Filesystem: UFS ZFS ext3fs reiserfs
Time (min:sec)(starting empty) 28:16 2:49 60:39 46:25
Time (min:sec)(consecutive run) 59:57 5:34 20:26 50:31


So ZFS is the fastest all around for this particular workload by a spectacular margin. (And it's probably interesting to note that ext3fs was the only filesystem that was actually faster on "consecutive" runs. Given the asynchronous metadata updates, it might not be that surprising.) But, as I stated earlier, this was a workload designed to keep the disk busy when ZFS is being used. So while I'd demonstrated that ZFS can handle a heavy workload better than the other filesystems, I hadn't demonstrated that it's faster under a resonable workload. So I re-calibrated to keep all the filesystems below 100% disk utilization, which ended up being these parameters:
write-data -c 1 -u 1200 -m 64
So instead of 5 concurrent processes, there's just 1. And here are the results:

Filesystem: UFS ZFS ext3fs reiserfs
Time (min:sec)(starting empty)3:24 0:357:284:43
Time (min:sec)(consecutive run) 11:01 0:381:102:34


So ZFS still won, but the margin of victory wasn't quite as large as with the first test. And here we see reiserfs doing better on consecutive runs, too. But while the above is informative, it still doesn't show the full story. It's also interesting to note the disk utilization during these runs. (Note that this wasn't a rigorous measurement, just eyeballing iostat output during the tests.)
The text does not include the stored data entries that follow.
text \<open>
  The right-hand side expresses the four-term recurrence for G (multiplied by u^2 - 1/4) as a
  combination of three consecutive instances of the two-term recurrence for H.
\<close>

lemma recurrence_certificate:
  fixes t h0 h1 h2 h3 :: real
  defines "\<kappa> \<equiv> \<lambda>s. (s + u - 1/2) * (s + u + 1/2)"
  shows "recurrence_poly u 0 t * (h3 * \<kappa> t) + recurrence_poly u 1 (t - 1) * (h2 * \<kappa> (t - 1))
       + recurrence_poly u 2 (t - 2) * (h1 * \<kappa> (t - 2)) + recurrence_poly u 3 (t - 3) * (h0 * \<kappa> (t - 3))
    = \<kappa> t * (h3 * cubic_indicial u t - h2 * H_numerator (t - 1))
      + 16 * (t + u - 1/2) * (t + u - 5/2) * (h2 * cubic_indicial u (t - 1) - h1 * H_numerator (t - 2))
      + 64 * (t + u - 5/2) * (t + u - 7/2) * (h1 * cubic_indicial u (t - 2) - h0 * H_numerator (t - 3))"
  unfolding \<kappa>_def recurrence_poly_def cubic_indicial_def H_numerator_def
  by (simp add: cubic_opcoeff_def atMost_nat_numeral) algebra

lemma G_ext_recurrence: "(\<Sum>k\<le>3. recurrence_poly u k (of_int i - of_nat k) * G_ext (i - int k)) = 0"
proof -
  define K where "K = (u - 1/2) * (u + 1/2)"
  have "u - 1/2 \<noteq> - real 0" "u - 1/2 \<noteq> - real 1" using b3 unfolding nonpos_int_def by blast+
  hence "K \<noteq> 0" by (auto simp: K_def)
  have GH: "G_ext j * K = H_ext j * ((of_int j + u - 1/2) * (of_int j + u + 1/2))" for j
    unfolding K_def by (rule G_ext_eq_H_ext)
  have rec1: "H_ext i * cubic_indicial u (of_int i) = H_ext (i - 1) * H_numerator (of_int i - 1)"
    using H_ext_rec[of "i - 1"] by simp
  have rec2: "H_ext (i - 1) * cubic_indicial u (of_int i - 1) = H_ext (i - 2) * H_numerator (of_int i - 2)"
    using H_ext_rec[of "i - 2"] by simp
  have rec3: "H_ext (i - 2) * cubic_indicial u (of_int i - 2) = H_ext (i - 3) * H_numerator (of_int i - 3)"
    using H_ext_rec[of "i - 3"] by simp
  have "(\<Sum>k\<le>3. recurrence_poly u k (of_int i - of_nat k) * G_ext (i - int k)) * K
      = recurrence_poly u 0 (of_int i) * (H_ext i * ((of_int i + u - 1/2) * (of_int i + u + 1/2)))
        + recurrence_poly u 1 (of_int i - 1) * (H_ext (i - 1) * ((of_int i - 1 + u - 1/2) * (of_int i - 1 + u + 1/2)))
        + recurrence_poly u 2 (of_int i - 2) * (H_ext (i - 2) * ((of_int i - 2 + u - 1/2) * (of_int i - 2 + u + 1/2)))
        + recurrence_poly u 3 (of_int i - 3) * (H_ext (i - 3) * ((of_int i - 3 + u - 1/2) * (of_int i - 3 + u + 1/2)))"
    unfolding sum_distrib_right mult.assoc GH by (simp add: atMost_nat_numeral)
  also have "\<dots> = 0"
    using recurrence_certificate[of "of_int i" "H_ext i" "H_ext (i - 1)" "H_ext (i - 2)" "H_ext (i - 3)"]
    unfolding rec1 rec2 rec3 by simp
  finally show ?thesis using \<open>K \<noteq> 0\<close> by simp
qed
Filesystem: UFS ZFS ext3fs reiserfs
% Utilization (starting empty) 95-10045-5095-10095-100
% Utilization (consecutive run)95-10051-5695-10095-100



Comments:
Chad, good stuff. I posted a link to you on StorageMojo. Thanks.

Robin
 
Wow, someone's actually reading my ramblings! :-)

Thanks for the link. I'll be posting a couple more benchmarks soon. Well, one of them is really just a demonstration of the I/O reordering ZFS does to give reads preference. But it's pretty impressive.

Chad
 
Greets to the webmaster of this wonderful site. Keep working. Thank you.
»
 
Super color scheme, I like it! Keep up the good work. Thanks for sharing this wonderful site with us.
»
 
Really amazing! Useful information. All the best.
»
 
This comment has been removed by a blog administrator.
 
Thanks for these benchmarks. I am already really fascinated of zfs, but this does the rest.
I will use your benchmarks on my website and keep on doing some Howtos to zfs.
My website is in german, but this is my "at-work" homepage: http://www.users.sbg.ac.at/~widhalmt
 
Thanks, for this, it was exactly what I was looking for.
 
Chad - you get a blogger high 5 - great content, perfect tone & presentation.
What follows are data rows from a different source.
lemma L2_product_indicator:
  assumes e: "\<And>n. 0 \<le> e n \<and> e n \<le> 1" and c: "\<And>n. 0 \<le> c n \<and> c n \<le> 1"
  shows "L2r N (\<lambda>n. \<bar>e n * c n - indicator (E \<inter> L) n\<bar>)
           \<le> L2r N (\<lambda>n. \<bar>e n - indicator E n\<bar>) + L2r N (\<lambda>n. \<bar>c n - indicator L n\<bar>)"
proof (rule L2r_mink)
  fix n :: int
  have ind: "0 \<le> (indicator A n :: real)" "(indicator A n :: real) \<le> 1" for A
    by (simp_all add: indicator_def)
  show "\<bar>\<bar>e n * c n - indicator (E \<inter> L) n\<bar>\<bar> \<le> \<bar>e n - indicator E n\<bar> + \<bar>c n - indicator L n\<bar>"
    using e[of n] c[of n] ind unfolding abs_abs indicator_inter_arith by (intro prod01_lip) auto
qed simp_all

text \<open>Scale of the cutoff needed for precision 1/M, and the resulting growth of complexity:
  a refined cell E \<inter> Lcell is approximated at precision 1/M by a product of the approximant
  of E at precision 1/(2M) and a cutoff nilsequence of complexity XX C0 w M.\<close>
definition jj :: "real \<Rightarrow> nat" where "jj M = nat \<lceil>8 * M^2\<rceil>"
definition XX :: "real \<Rightarrow> real \<Rightarrow> real \<Rightarrow> real" where
  "XX C0 w M = C0 + (32 * 4 ^ jj M / w) * C0 + 1"
definition HH :: "real \<Rightarrow> real \<Rightarrow> (real \<Rightarrow> real) \<Rightarrow> real \<Rightarrow> real" where
  "HH C0 w \<Phi> M = \<Phi> (2 * M) + XX C0 w M + \<Phi> (2 * M) * XX C0 w M + 1"

lemma jj_bound: "1 \<le> M \<Longrightarrow> sqrt (2 / 2 ^ jj M) \<le> 1 / (2 * M)"
proof -
  assume M: "1 \<le> M"
  have "8 * M^2 \<le> real (jj M)" unfolding jj_def by (rule real_nat_ceiling_ge)
  also have "real (jj M) \<le> 2 ^ jj M"
    using less_exp[of "jj M"] by (metis less_imp_le of_nat_le_iff of_nat_numeral of_nat_power)
  finally have h: "8 * M^2 \<le> 2 ^ jj M" .
  have "2 / 2 ^ jj M \<le> 2 / (8 * M^2)" using h M by (intro divide_left_mono) simp_all
  also have "\<dots> = (1 / (2 * M))^2" using M by (simp add: field_simps power2_eq_square)
  finally have "sqrt (2 / 2 ^ jj M) \<le> sqrt ((1 / (2 * M))^2)" by (rule real_sqrt_le_mono)
  then show ?thesis using M by simp
qed

lemma cutoff_nilseq:
  assumes psi: "nilseq s C0 \<psi>" and w: "0 < w"
  shows "nilseq s (XX C0 w M) (\<lambda>n. complex_of_real (cellfun (w / (8 * 4 ^ jj M)) w \<theta> a b (\<psi> n)))"
proof -
  define \<eta> where "\<eta> = w / (8 * 4 ^ jj M)"
  have e: "0 < \<eta>" and e4: "4 / \<eta> = 32 * 4 ^ jj M / w"
    unfolding \<eta>_def using w by (simp_all add: field_simps)
  show ?thesis
    unfolding XX_def e4[symmetric] \<eta>_def[symmetric]
    by (rule nilseq_comp[OF psi]) (use e cellfun_lip[OF e] cellfun_01 in \<open>auto simp: abs_le_iff\<close>)
qed

lemma cell_meas:
  fixes \<psi> :: "int \<Rightarrow> complex"
  assumes E: "smeasurable s \<Phi> N E" and psi: "nilseq s C0 \<psi>" and w: "0 < w"
    and good: "good_offset N \<psi> w \<theta>"
  shows "smeasurable s (HH C0 w \<Phi>) N (E \<inter> Lcell \<psi> w \<theta> a b)"
  unfolding smeasurable_def
proof (intro conjI allI impI)
  show "E \<inter> Lcell \<psi> w \<theta> a b \<subseteq> {1..int N}" using E unfolding smeasurable_def by blast
  fix M :: real assume M: "1 \<le> M"
  have M2: "1 \<le> 2 * M" using M by simp
  have "\<forall>M\<ge>1. \<exists>\<psi>. nilseq s (\<Phi> M) \<psi> \<and> (\<forall>n. \<psi> n \<in> complex_of_real ` {0..1}) \<and>
          L2N N (\<lambda>n. \<psi> n - complex_of_real (indicator E n)) \<le> 1 / M"
    using E unfolding smeasurable_def by (rule conjunct2)
  from this[rule_format, OF M2] obtain \<psi>E where pE: "nilseq s (\<Phi> (2 * M)) \<psi>E"
    and rE: "\<forall>n. \<psi>E n \<in> complex_of_real ` {0..1}"
    and lE: "L2N N (\<lambda>n. \<psi>E n - complex_of_real (indicator E n)) \<le> 1 / (2 * M)"
    by blast
  define chi where "chi n = cellfun (w / (8 * 4 ^ jj M)) w \<theta> a b (\<psi> n)" for n
  have pD: "nilseq s (HH C0 w \<Phi> M) (\<lambda>n. \<psi>E n * complex_of_real (chi n))"
    unfolding HH_def chi_def by (rule nilseq_mult[OF pE cutoff_nilseq[OF psi w]])
  define e where "e n = Re (\<psi>E n)" for n
  have eE: "\<psi>E n = complex_of_real (e n)" and e01: "0 \<le> e n \<and> e n \<le> 1" for n
  proof -
    obtain t where "t \<in> {0..1}" "\<psi>E n = complex_of_real t" using rE by blast
    then show "\<psi>E n = complex_of_real (e n)" "0 \<le> e n \<and> e n \<le> 1" unfolding e_def by simp_all
  qed
  have rD: "\<psi>E n * complex_of_real (chi n) \<in> complex_of_real ` {0..1}" for n
  proof (rule image_eqI)
    show "\<psi>E n * complex_of_real (chi n) = complex_of_real (e n * chi n)" by (simp add: eE)
    show "e n * chi n \<in> {0..1}" using e01[of n] cellfun_01 unfolding chi_def
        by (simp add: mult_le_one)
  qed
  let ?L = "Lcell \<psi> w \<theta> a b"
  have "cmod (\<psi>E n * complex_of_real (chi n) - complex_of_real (indicator (E \<inter> ?L) n))
      = \<bar>e n * chi n - indicator (E \<inter> ?L) n\<bar>" for n
    by (metis eE norm_of_real of_real_diff of_real_mult)
  then have "L2N N (\<lambda>n. \<psi>E n * complex_of_real (chi n) - complex_of_real (indicator (E \<inter> ?L) n))
      = L2r N (\<lambda>n. \<bar>e n * chi n - indicator (E \<inter> ?L) n\<bar>)"
    unfolding L2N_L2r by simp
  also have "\<dots> \<le> L2r N (\<lambda>n. \<bar>e n - indicator E n\<bar>) + L2r N (\<lambda>n. \<bar>chi n - indicator ?L n\<bar>)"
    using e01 cellfun_01 unfolding chi_def by (intro L2_product_indicator) auto
  also have "L2r N (\<lambda>n. \<bar>e n - indicator E n\<bar>) \<le> 1 / (2 * M)"
  proof -
    have "cmod (complex_of_real (e n) - complex_of_real (indicator E n))
        = \<bar>e n - indicator E n\<bar>" for n
      by (metis norm_of_real of_real_diff)
    then show ?thesis using lE unfolding L2N_L2r eE by simp
  qed
  also have "L2r N (\<lambda>n. \<bar>chi n - indicator ?L n\<bar>) \<le> 1 / (2 * M)"
    using cellfun_L2[OF w good, of "jj M" a b] jj_bound[OF M] unfolding chi_def by linarith
  finally show "\<exists>\<psi>'. nilseq s (HH C0 w \<Phi> M) \<psi>' \<and> (\<forall>n. \<psi>' n \<in> complex_of_real ` {0..1}) \<and>
       L2N N (\<lambda>n. \<psi>' n - complex_of_real (indicator (E \<inter> ?L) n)) \<le> 1 / M"
    using pD rD by (intro exI[of _ "\<lambda>n. \<psi>E n * complex_of_real (chi n)"] conjI allI) simp_all
qed

section \<open>The energy increment step\<close>

text \<open>Number of grid squares per axis needed to cover the values of a nilsequence bounded by C0.\<close>
definition gridR :: "real \<Rightarrow> real \<Rightarrow> nat" where "gridR C0 w = nat \<lceil>C0 / w\<rceil> + 1"

definition grid_refine :: "int set set \<Rightarrow> (int \<Rightarrow> complex) \<Rightarrow> real \<Rightarrow> real \<Rightarrow> nat \<Rightarrow> int set set" where
  "grid_refine B \<psi> w \<theta> R =
     (\<lambda>(E, a, b). E \<inter> Lcell \<psi> w \<theta> a b) ` (B \<times> {- int R..int R} \<times> {- int R..int R}) - {{}}"

lemma grid_refine_cell:
  "X \<in> grid_refine B \<psi> w \<theta> R \<Longrightarrow> \<exists>E a b. E \<in> B \<and> X = E \<inter> Lcell \<psi> w \<theta> a b"
  unfolding grid_refine_def by auto

lemma floor_range:
  fixes y C w \<theta> :: real
  assumes w: "0 < w" and C: "0 \<le> C" and y: "\<bar>y\<bar> \<le> C" and th: "0 \<le> \<theta>" "\<theta> < w"
  shows "\<lfloor>(y - \<theta>) / w\<rfloor> \<in> {- int (gridR C w) .. int (gridR C w)}"
proof -
  have "0 \<le> C / w" using C w by simp
  then have c0: "0 \<le> \<lceil>C / w\<rceil>" by (metis ceiling_mono ceiling_zero)
  have "(y - \<theta>) / w \<le> C / w" using y th w by (simp add: divide_right_mono)
  then have "\<lfloor>(y - \<theta>) / w\<rfloor> \<le> \<lceil>C / w\<rceil>" by (meson floor_le_ceiling floor_mono order_trans)
  moreover have "- C / w - 1 \<le> (y - \<theta>) / w"
  proof -
    have "(- C - w) / w \<le> (y - \<theta>) / w" using y th w by (intro divide_right_mono) linarith+
    then show ?thesis using w by (simp add: diff_divide_distrib)
  qed
  then have "\<lfloor>- C / w - 1\<rfloor> \<le> \<lfloor>(y - \<theta>) / w\<rfloor>" by (rule floor_mono)
  moreover have "- \<lceil>C / w\<rceil> - 1 \<le> \<lfloor>- C / w - 1\<rfloor>" by (simp add: ceiling_def)
  ultimately show ?thesis using c0 unfolding gridR_def by simp
qed

lemma grid_refine_partition:
  assumes P: "partition N B" and w: "0 < w" and th: "0 \<le> \<theta>" "\<theta> < w"
    and bnd: "\<And>n. cmod (\<psi> n) \<le> C0" and C0: "0 \<le> C0"
  defines "B'' \<equiv> grid_refine B \<psi> w \<theta> (gridR C0 w)"
  shows "partition N B''" and "card B'' \<le> card B * (2 * gridR C0 w + 1)^2"
proof -
  define J where "J = {- int (gridR C0 w) .. int (gridR C0 w)}"
  have fB: "finite B" and fJ: "finite J" using P unfolding partition_def J_def by simp_all
  have cell: "X \<in> B'' \<Longrightarrow> \<exists>E a b. E \<in> B \<and> X = E \<inter> Lcell \<psi> w \<theta> a b" for X
    unfolding B''_def by (rule grid_refine_cell)
  have inJ: "\<lfloor>(Re (\<psi> n) - \<theta>) / w\<rfloor> \<in> J" "\<lfloor>(Im (\<psi> n) - \<theta>) / w\<rfloor> \<in> J" for n
    using floor_range[OF w C0 _ th] abs_Re_le_cmod abs_Im_le_cmod bnd unfolding J_def
    by (meson order_trans)+
  have "card B'' \<le> card (B \<times> J \<times> J)"
    unfolding B''_def grid_refine_def J_def[symmetric]
    by (meson card_Diff1_le card_image_le finite_Diff finite_SigmaI finite_imageI fB fJ order_trans)
  moreover have "card J = 2 * gridR C0 w + 1" unfolding J_def by simp
  ultimately show "card B'' \<le> card B * (2 * gridR C0 w + 1)^2"
    by (simp add: card_cartesian_product power2_eq_square)
  have cover: "{1..int N} \<subseteq> \<Union>B''"
  proof
    fix n assume n: "n \<in> {1..int N}"
    obtain E where E: "E \<in> B" "n \<in> E" using part_cover[OF P n] by blast
    let ?X = "E \<inter> Lcell \<psi> w \<theta> \<lfloor>(Re (\<psi> n) - \<theta>) / w\<rfloor> \<lfloor>(Im (\<psi> n) - \<theta>) / w\<rfloor>"
    have "n \<in> ?X" using E unfolding Lcell_def by simp
    moreover have "?X \<in> B''"
      unfolding B''_def grid_refine_def J_def[symmetric] using E(1) inJ \<open>n \<in> ?X\<close> by force
    ultimately show "n \<in> \<Union>B''" by blast
  qed
  have disj: "X \<inter> Y = {}" if XY: "X \<in> B''" "Y \<in> B''" "X \<noteq> Y" for X Y
  proof (rule ccontr)
    obtain E a b where X: "E \<in> B" "X = E \<inter> Lcell \<psi> w \<theta> a b" using cell[OF XY(1)] by blast
    obtain E' a' b' where Y: "E' \<in> B" "Y = E' \<inter> Lcell \<psi> w \<theta> a' b'" using cell[OF XY(2)] by blast
    assume "X \<inter> Y \<noteq> {}"
    then obtain n where "n \<in> X" "n \<in> Y" by blast
    then have "E = E'" "a = a'" "b = b'" using part_disj[OF P X(1) Y(1)] X Y unfolding Lcell_def
        by auto
    then show False using XY(3) X Y by simp
  qed
  have "\<Union>B'' \<subseteq> {1..int N}" using cell part_sub[OF P] by blast
  moreover have "finite B''" unfolding B''_def grid_refine_def using fB by simp
  moreover have "{} \<notin> B''" unfolding B''_def grid_refine_def by simp
  ultimately show "partition N B''" unfolding partition_def using cover disj by blast
qed

lemma grid_refine_sfactor:
  assumes sf: "sfactor s N K \<Phi> B" and psi: "nilseq s C0 \<psi>" and w: "0 < w"
    and th: "0 \<le> \<theta>" "\<theta> < w" and good: "good_offset N \<psi> w \<theta>"
  defines "B'' \<equiv> grid_refine B \<psi> w \<theta> (gridR C0 w)"
  shows "sfactor s N (K * (2 * gridR C0 w + 1)^2) (HH C0 w \<Phi>) B''" and "refines B'' B"
proof -
  have cell: "X \<in> B'' \<Longrightarrow> \<exists>E a b. E \<in> B \<and> X = E \<inter> Lcell \<psi> w \<theta> a b" for X
    unfolding B''_def by (rule grid_refine_cell)
  have meas: "smeasurable s (HH C0 w \<Phi>) N X" if X: "X \<in> B''" for X
  proof -
    obtain E a b where E: "E \<in> B" "X = E \<inter> Lcell \<psi> w \<theta> a b" using cell[OF X] by blast
    have "smeasurable s \<Phi> N E" using sf E(1) unfolding sfactor_def by blast
    then show ?thesis unfolding E(2) by (rule cell_meas[OF _ psi w good])
  qed
  have P'': "partition N B''" and card: "card B'' \<le> card B * (2 * gridR C0 w + 1)^2"
    using grid_refine_partition[where \<psi> = \<psi>, OF sfactor_partition[OF sf] w th nilseq_bound[OF psi]
        nilseq_C_nonneg[OF psi]]
    unfolding B''_def by blast+
  have "card B \<le> K" using sf unfolding sfactor_def by simp
  then have "card B'' \<le> K * (2 * gridR C0 w + 1)^2" using card by (meson le_trans mult_le_mono1)
  with P'' meas show "sfactor s N (K * (2 * gridR C0 w + 1)^2) (HH C0 w \<Phi>) B''"
    unfolding sfactor_def partition_def by (elim conjE) (intro conjI; (assumption | blast))
  show "refines B'' B" unfolding refines_def using cell by blast
qed

definition round_grid :: "real \<Rightarrow> real \<Rightarrow> complex \<Rightarrow> complex" where
  "round_grid w \<theta> z = Complex (\<theta> + w * \<lfloor>(Re z - \<theta>) / w\<rfloor>) (\<theta> + w * \<lfloor>(Im z - \<theta>) / w\<rfloor>)"

lemma round_grid_close:
  assumes w: "0 < w"
  shows "cmod (z - round_grid w \<theta> z) \<le> 2 * w"
proof -
  have fr: "\<bar>y - (\<theta> + w * \<lfloor>(y - \<theta>) / w\<rfloor>)\<bar> \<le> w" for y
  proof -
    have "of_int \<lfloor>(y - \<theta>) / w\<rfloor> * w \<le> y - \<theta>"
      by (metis of_int_floor_le pos_le_divide_eq w)
    moreover have "y - \<theta> < (of_int \<lfloor>(y - \<theta>) / w\<rfloor> + 1) * w"
      by (metis real_of_int_floor_add_one_gt pos_divide_less_eq w)
    ultimately show ?thesis by (simp add: abs_le_iff algebra_simps)
  qed
  have "cmod (z - round_grid w \<theta> z) \<le> \<bar>Re (z - round_grid w \<theta> z)\<bar> + \<bar>Im (z - round_grid w \<theta> z)\<bar>"
    by (rule cmod_le)
  also have "\<dots> \<le> w + w" using fr[of "Re z"] fr[of "Im z"] unfolding round_grid_def
      by (intro add_mono) simp_all
  finally show ?thesis by simp
qed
If only I could blog like this - sniff , sniff...
 
Thanks for the benchmark info.
Filesystem benchmarking is not an easy task. For example some filesystems may R/W faster but utilize the CPU/RAM higher. That`s why (I think) it`s important to do so called "realworld" benchmarks. I imagine the typical scenario like database server which is doing very complex and heavy queries thus utilizing both the memory and CPU. Of course the perf. may vary depending on the RDBMS used / it`s internal storage engine.
I would try something like imdb database for example....
 
This comment has been removed by a blog administrator.
 
Well, I think you miss a lot of things in this benchmark...
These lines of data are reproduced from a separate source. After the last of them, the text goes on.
lemma entry_time:
  assumes "tf u a > 0"
  shows "tf u (act (entry u) x) > 0" "tf u (act (entry u) y) > 0"
proof -
  have "open {b. 0 < tf u b}"
    using open_Collect_less[OF continuous_on_const tf_continuous] .
  then have "\<exists>t. act t x \<in> {b. 0 < tf u b} \<and> act t y \<in> {b. 0 < tf u b}"
    using assms by (intro common_entry) auto
  then have "act (entry u) x \<in> {b. 0 < tf u b} \<and> act (entry u) y \<in> {b. 0 < tf u b}"
    unfolding entry_def pick_def by (rule someI_ex)
  then show "tf u (act (entry u) x) > 0" "tf u (act (entry u) y) > 0" by auto
qed

fun guard :: "nat \<Rightarrow> test_term \<Rightarrow> test_term" where
  "guard 0 u = Back (Gen 0) u"
| "guard (Suc n) u = Min (guard n u) (Back (Gen (Suc n)) u)"

lemma guard_pos: "tf (guard n u) a > 0 \<longleftrightarrow> (\<forall>m\<le>n. g m (act (- entry u) a) > 0)"
  by (induction n) (auto simp: le_Suc_eq)

lemma shrink:
  assumes "tf e p > 0"
  shows "\<exists>c. tf (Shift e c) p > 0 \<and> (\<forall>a. tf (Shift e c) a \<ge> 0 \<longrightarrow> tf e a > 0)"
proof -
  obtain c where c: "0 < (of_rat c :: real)" "of_rat c < tf e p"
    using of_rat_dense[OF assms] by blast
  have "tf e a > 0" if "tf (Shift e c) a \<ge> 0" for a
    using that c(1) by (simp del: zero_less_of_rat_iff)
  then show ?thesis using c(2) by (intro exI[of _ c]) simp
qed

text \<open>One step of the diagonal construction: the closed set tf e' \<ge> 0 (with nonempty
  positivity set) lies inside e > 0 and, if possible, serves the request (u, n): there is an
  entry time sending x into u > 0 such that going back from any point of the new set lands
  where g_0, ..., g_n are positive.\<close>
definition refines :: "test_term \<Rightarrow> test_term \<Rightarrow> nat \<Rightarrow> test_term \<Rightarrow> bool" where
  "refines e u n e' \<longleftrightarrow> (\<exists>a. tf e' a > 0) \<and> (\<forall>a. tf e' a \<ge> 0 \<longrightarrow> tf e a > 0) \<and>
     ((\<exists>a. tf e a > 0 \<and> tf u a > 0) \<longrightarrow>
        (\<exists>v. tf u (act (entry v) x) > 0 \<and>
             (\<forall>a. tf e' a \<ge> 0 \<longrightarrow> (\<forall>m\<le>n. g m (act (- entry v) a) > 0))))"

lemma refinement_step:
  assumes "tf e a0 > 0"
  shows "\<exists>e'. refines e u n e'"
proof (cases "\<exists>a. tf e a > 0 \<and> tf u a > 0")
  case True
  define v where "v = Min e u"
  have tf_v: "tf v a = min (tf e a) (tf u a)" for a by (simp add: v_def)
  from True have "\<exists>a. tf v a > 0" by (auto simp: tf_v)
  then have vx: "tf v (act (entry v) x) > 0" and vy: "tf v (act (entry v) y) > 0"
    using entry_time by blast+
  define p where "p = act (entry v) y"
  have "tf (guard n v) p > 0" unfolding guard_pos p_def act_inv using g_pos by auto
  then have "tf (Min v (guard n v)) p > 0" using vy by (simp add: p_def)
  then obtain c where c: "tf (Shift (Min v (guard n v)) c) p > 0"
    and sub: "\<And>a. tf (Shift (Min v (guard n v)) c) a \<ge> 0 \<Longrightarrow> tf (Min v (guard n v)) a > 0"
    using shrink by blast
  have inside: "tf e a > 0 \<and> (\<forall>m\<le>n. g m (act (- entry v) a) > 0)"
    if "tf (Shift (Min v (guard n v)) c) a \<ge> 0" for a
  proof -
    have "tf v a > 0" "tf (guard n v) a > 0" using sub[OF that] by simp_all
    then show ?thesis unfolding guard_pos by (simp add: tf_v)
  qed
  have ux: "tf u (act (entry v) x) > 0" using vx by (simp add: tf_v)
  have "refines e u n (Shift (Min v (guard n v)) c)"
    unfolding refines_def
    by (intro conjI impI allI exI[of _ p] exI[of _ v]; use c inside ux in blast)
  then show ?thesis by blast
next
  case False
  obtain c where c: "tf (Shift e c) a0 > 0" "\<And>a. tf (Shift e c) a \<ge> 0 \<Longrightarrow> tf e a > 0"
    using shrink[OF assms] by blast
  have "refines e u n (Shift e c)"
    unfolding refines_def by (intro conjI impI allI exI[of _ a0]; use c False in blast)
  then show ?thesis by blast
qed

definition request :: "nat \<Rightarrow> test_term \<times> nat" where
  "request k = map_prod from_nat id (prod_decode k)"

lemma request_surj: "request (prod_encode (to_nat u, n)) = (u, n)"
  by (simp add: request_def)

primrec stage :: "nat \<Rightarrow> test_term" where
  "stage 0 = One"
| "stage (Suc k) =
     (SOME e'. refines (stage k) (fst (request k)) (snd (request k)) e')"

lemma stage_refines: "refines (stage k) (fst (request k)) (snd (request k)) (stage (Suc k))"
proof (induction k)
  case 0
  have "tf (stage 0) x > 0" by simp
  then show ?case unfolding stage.simps(2) by (rule someI_ex[OF refinement_step])
next
  case (Suc k)
  then obtain a where "tf (stage (Suc k)) a > 0" unfolding refines_def by blast
  then show ?case unfolding stage.simps(2)[of "Suc k"] by (rule someI_ex[OF refinement_step])
qed

definition witness_times :: "'a \<Rightarrow> test_term \<Rightarrow> nat \<Rightarrow> 'g set" where
  "witness_times z u n = {entry v | v. tf u (act (entry v) x) > 0 \<and>
                                       (\<forall>m\<le>n. g m (act (- entry v) z) > 0)}"

definition saturated :: "'a \<Rightarrow> bool" where
  "saturated z \<longleftrightarrow> (\<forall>u n. tf u z > 0 \<longrightarrow> witness_times z u n \<noteq> {})"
What kind of journalling have you used in ext3, for example.

Also, where is your 'script' to be validated? Why not use the actual, well know, filesystem bench tools, like IOZone, who gives many kind of results?


Cya,


Rodrigo (BSDaemon).
Rodrigo Rubira Branco
 
waterboarding
 
Good stuff Chad.

Could you please remove the post by Anonymous : 9:11 PM

That reads ...

I find some information here.

And links to ADVERT "content" at the URL below ...

http://10oal.info/3379

And do you really want those refinancing links?
 
Post a Comment



<< Home

This page is powered by Blogger. Isn't yours?